O Christmas Tree
I cherish my childhood memories of Christmas time and, in particular, the way that the Christmas tree filled our living room with the scent of pine and the glow and twinkle of lights. And so, last winter, it struck a chord with me when I investigated a Christmas tree fire that saw a family displaced, though thankfully unscathed. I resolved then to write this article, a caution for the following season, and an exploration of decorative mini lights and their failure modes.
I have long known that dry Christmas trees are an excellent fuel; many a scouring of the woodpile looking for a hint of red needles to aid in starting a summer bonfire drove that home long before beginning my career as a fire investigator. However, it is apparent to me that many people underestimate or are unaware of the extreme hazard presented by a dry Christmas tree.
When fire investigators and fire scientists want to talk about the “size” of a fire, or its power, we talk about the heat release rate (HRR), which is typically measured in kilowatts (kW). For example, a small wastebasket fire might have a maximum/peak HRR on the order of 50 kW and a metal-framed plastic chair, 270 kW. By comparison, the peak HRR of a Christmas tree fire ranges from 3000 to 5000 kW.
Further, a fire can be characterized by its HRR over time, from ignition, through growth, full development, decay, and finally, extinction. The time from ignition to peak HRR is dramatically brief in Christmas tree fires; in extreme cases, a dry tree may become fully involved in fire in under 10 seconds.
These factors contribute to the rapid growth of a compartment/room fire where a Christmas tree is present and/or the first fuel ignited. For years, when I have explained compartment fire development to people, one of my favourite demonstrative resources has been a video produced by the US National Institute of Standards and Technology (NIST), entitled “Dry Scotch Pine Tree Fire”(1). This video shows a typically furnished living room with a Christmas tree in the corner. The tree is ignited at its base and is fully involved in fire in 9 seconds. The fire quickly spreads to adjacent furniture and the smoke layer rapidly descends, with flashover(2) and full room involvement in around 40 seconds!
NIST continues to produce quality content along these lines: last year they released the powerful video, “Christmas Tree Fire: Watered Tree vs. Dry Tree”(3). Here, two identically furnished setups are shown side by side, with a watered tree on the left and a dry tree on the right and both are ignited. After about a minute of inferno, the readily available fuel of the dry tree has been consumed and adjacent fuel packages (i.e., an upholstered chair and bookshelf) have been ignited, while after 1 minute and 45 seconds (being the end of the video), the watered tree fire appears not to have spread much beyond its point of origin, though notably having produced considerable smoke, as might alert an occupant or activate a smoke alarm and allow for evacuation and timely notification of the fire department. The conclusion to the video is well put, “Don’t get burned this holiday season. Water your tree.”

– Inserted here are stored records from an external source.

lemma tconj_commutator_in_TFlag:
  fixes V X :: "real^('n::{finite,linorder})^('n::{finite,linorder})"
  assumes V: "orthogonal_matrix V" and X: "skew X"
  shows "tconj d V (\<lambda>k. commutator X (Jmat ns k)) \<in> TFlag ns d (tconj d V (Jmat ns))"
proof -
  define U where "U s = V ** mexp (s *\<^sub>R X)" for s
  have U_orth: "orthogonal_matrix (U s)" for s
    unfolding U_def by (rule orthogonal_matrix_mul[OF V orthogonal_matrix_mexp[OF skew_scaleR[OF X]]])
  have U': "(U has_vector_derivative V ** X) (at 0)"
    using has_vector_derivative_mult_mexp[of V X 0] by (simp add: U_def[abs_def])
  have "((\<lambda>s. U s ** Jmat ns k ** transpose (U s)) has_vector_derivative
      V ** commutator X (Jmat ns k) ** transpose V) (at 0)" for k
    using has_vector_derivative_conj[OF U' has_vector_derivative_const] X
    by (simp add: U_def skew_def commutator_def matrix_ring_simps)
  then have "thas_deriv d (\<lambda>s. tconj d (U s) (Jmat ns)) (tconj d V (\<lambda>k. commutator X (Jmat ns k))) 0"
    by (simp add: thas_deriv_def tconj_def)
  moreover have "tconj d (U s) (Jmat ns) \<in> Flag ns d" for s
    unfolding Flag_def using U_orth by blast
  ultimately show ?thesis
    unfolding TFlag_def by (intro CollectI exI[of _ "\<lambda>s. tconj d (U s) (Jmat ns)"]) (simp add: U_def)
qed

section \<open>The transported field\<close>

text \<open>\<open>V\<^sup>T Y' V\<close>, the derivative of \<open>Y = V [X, J\<^sub>k] V\<^sup>T\<close> read in the moving frame
  \<open>V' = V A\<close>.\<close>

definition frame_deriv :: "(nat \<Rightarrow> nat) \<Rightarrow> real^('n::{finite,linorder})^('n::{finite,linorder})
    \<Rightarrow> real^('n::{finite,linorder})^('n::{finite,linorder})
    \<Rightarrow> nat \<Rightarrow> real^('n::{finite,linorder})^('n::{finite,linorder})"
  where "frame_deriv ns A X k = commutator A (commutator X (Jmat ns k))
           + commutator ((1/2) *\<^sub>R piblk ns (commutator X A)) (Jmat ns k)"

lemma frame_deriv_nth:
  "frame_deriv ns A X k $ i $ j
    = (\<Sum>m\<in>UNIV. A$i$m * (X$m$j * (Jsign ns k j - Jsign ns k m)))
      - (\<Sum>m\<in>UNIV. X$i$m * (Jsign ns k m - Jsign ns k i) * A$m$j)
      + (1/2) * piblk ns (commutator X A) $ i $ j * (Jsign ns k j - Jsign ns k i)"
  unfolding frame_deriv_def commutator_def[of A]
  by (simp add: matrix_matrix_mult_def commutator_Jmat_nth)

lemma frame_deriv_block_difference:
  assumes A: "diag_blocks_zero ns A" and X: "diag_blocks_zero ns X"
    and ne: "blk ns i \<noteq> blk ns j"
  shows "frame_deriv ns A X (blk ns j) $ i $ j = frame_deriv ns A X (blk ns i) $ i $ j"
proof -
  let ?a = "blk ns i" and ?b = "blk ns j"
  have signs: "Jsign ns ?b j = 1" "Jsign ns ?a i = 1" "Jsign ns ?a j = -1" "Jsign ns ?b i = -1"
    using ne by (auto simp: Jsign_def)
  have left: "A$i$m * (X$m$j * (Jsign ns ?b j - Jsign ns ?b m))
      - A$i$m * (X$m$j * (Jsign ns ?a j - Jsign ns ?a m)) = 2 * (A$i$m * X$m$j)" for m
    using A X signs unfolding diag_blocks_zero_def
    by (cases "blk ns m = ?a"; cases "blk ns m = ?b") (auto simp: Jsign_def)
  have right: "X$i$m * (Jsign ns ?b m - Jsign ns ?b i) * A$m$j
      - X$i$m * (Jsign ns ?a m - Jsign ns ?a i) * A$m$j = 2 * (X$i$m * A$m$j)" for m
    using A X signs unfolding diag_blocks_zero_def
    by (cases "blk ns m = ?a"; cases "blk ns m = ?b") (auto simp: Jsign_def)
  have "frame_deriv ns A X ?b $ i $ j - frame_deriv ns A X ?a $ i $ j
      = (\<Sum>m\<in>UNIV. A$i$m * (X$m$j * (Jsign ns ?b j - Jsign ns ?b m))
                   - A$i$m * (X$m$j * (Jsign ns ?a j - Jsign ns ?a m)))
        - (\<Sum>m\<in>UNIV. X$i$m * (Jsign ns ?b m - Jsign ns ?b i) * A$m$j
                   - X$i$m * (Jsign ns ?a m - Jsign ns ?a i) * A$m$j)
        + (1/2) * piblk ns (commutator X A) $ i $ j * 4"
    unfolding frame_deriv_nth sum_subtractf using signs by simp
  also have "\<dots> = 2 * (\<Sum>m\<in>UNIV. A$i$m * X$m$j) - 2 * (\<Sum>m\<in>UNIV. X$i$m * A$m$j)
      + 2 * commutator X A $ i $ j"
    unfolding left right sum_distrib_left[symmetric] using ne by (simp add: piblk_def)
  also have "\<dots> = 0"
    by (simp add: commutator_def matrix_matrix_mult_def)
  finally show ?thesis by simp
qed

lemma sum_inner_frame_deriv_eq_0:
  fixes W :: "nat \<Rightarrow> real^('n::{finite,linorder})^('n::{finite,linorder})"
  assumes blk_range: "\<forall>i::'n. blk ns i \<in> {1..d+1}"
    and A: "diag_blocks_zero ns A" and X: "diag_blocks_zero ns X"
    and W_same: "\<And>k i j. k \<in> {1..d+1} \<Longrightarrow> (blk ns i = k) = (blk ns j = k) \<Longrightarrow> W k $ i $ j = 0"
    and W_diff: "\<And>i j. blk ns i \<noteq> blk ns j \<Longrightarrow> W (blk ns i) $ i $ j = - W (blk ns j) $ i $ j"
  shows "(\<Sum>k=1..d+1. frame_deriv ns A X k \<bullet> W k) = 0"
proof -
  let ?D = "frame_deriv ns A X"
  have entry: "(\<Sum>k=1..d+1. ?D k $ i $ j * W k $ i $ j) = 0" for i j
  proof (cases "blk ns i = blk ns j")
    case True
    then show ?thesis using W_same by (intro sum.neutral) auto
  next
    case False
    have "(\<Sum>k=1..d+1. ?D k $ i $ j * W k $ i $ j)
        = (\<Sum>k\<in>{blk ns i, blk ns j}. ?D k $ i $ j * W k $ i $ j)"
      by (rule sum.mono_neutral_right) (use blk_range W_same in auto)
    also have "\<dots> = (?D (blk ns j) $ i $ j - ?D (blk ns i) $ i $ j) * W (blk ns j) $ i $ j"
      using False W_diff[OF False] by (simp add: algebra_simps)
    also have "\<dots> = 0"
      using frame_deriv_block_difference[OF A X False] by simp
    finally show ?thesis .
  qed
  have "(\<Sum>k=1..d+1. ?D k \<bullet> W k) = (\<Sum>i\<in>UNIV. \<Sum>j\<in>UNIV. \<Sum>k=1..d+1. ?D k $ i $ j * W k $ i $ j)"
    unfolding inner_matrix_sum by (subst sum.swap, subst (2) sum.swap) (rule refl)
  also have "\<dots> = 0"
    by (intro entry sum.neutral ballI)
  finally show ?thesis .
qed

The difference between the watered tree and dry tree scenarios may very well be survival(4): the US National Fire Protection Association (NFPA) statistics indicate that while Christmas tree fires are relatively uncommon(5), they are particularly deadly. The 20112015 numbers are, on average, 1 death in every 32 fires where the first fuel ignited was a Christmas tree, compared with 1 death in every 143 reported structure fires generally(6).
Aimed at education and prevention, the NFPA has, this year, provided a reproducible “Christmas Tree Safety” tips sheet, available here: https://goo.gl/DbuAHb. I defer to the NFPA and this document concerning prevention and would encourage its distribution.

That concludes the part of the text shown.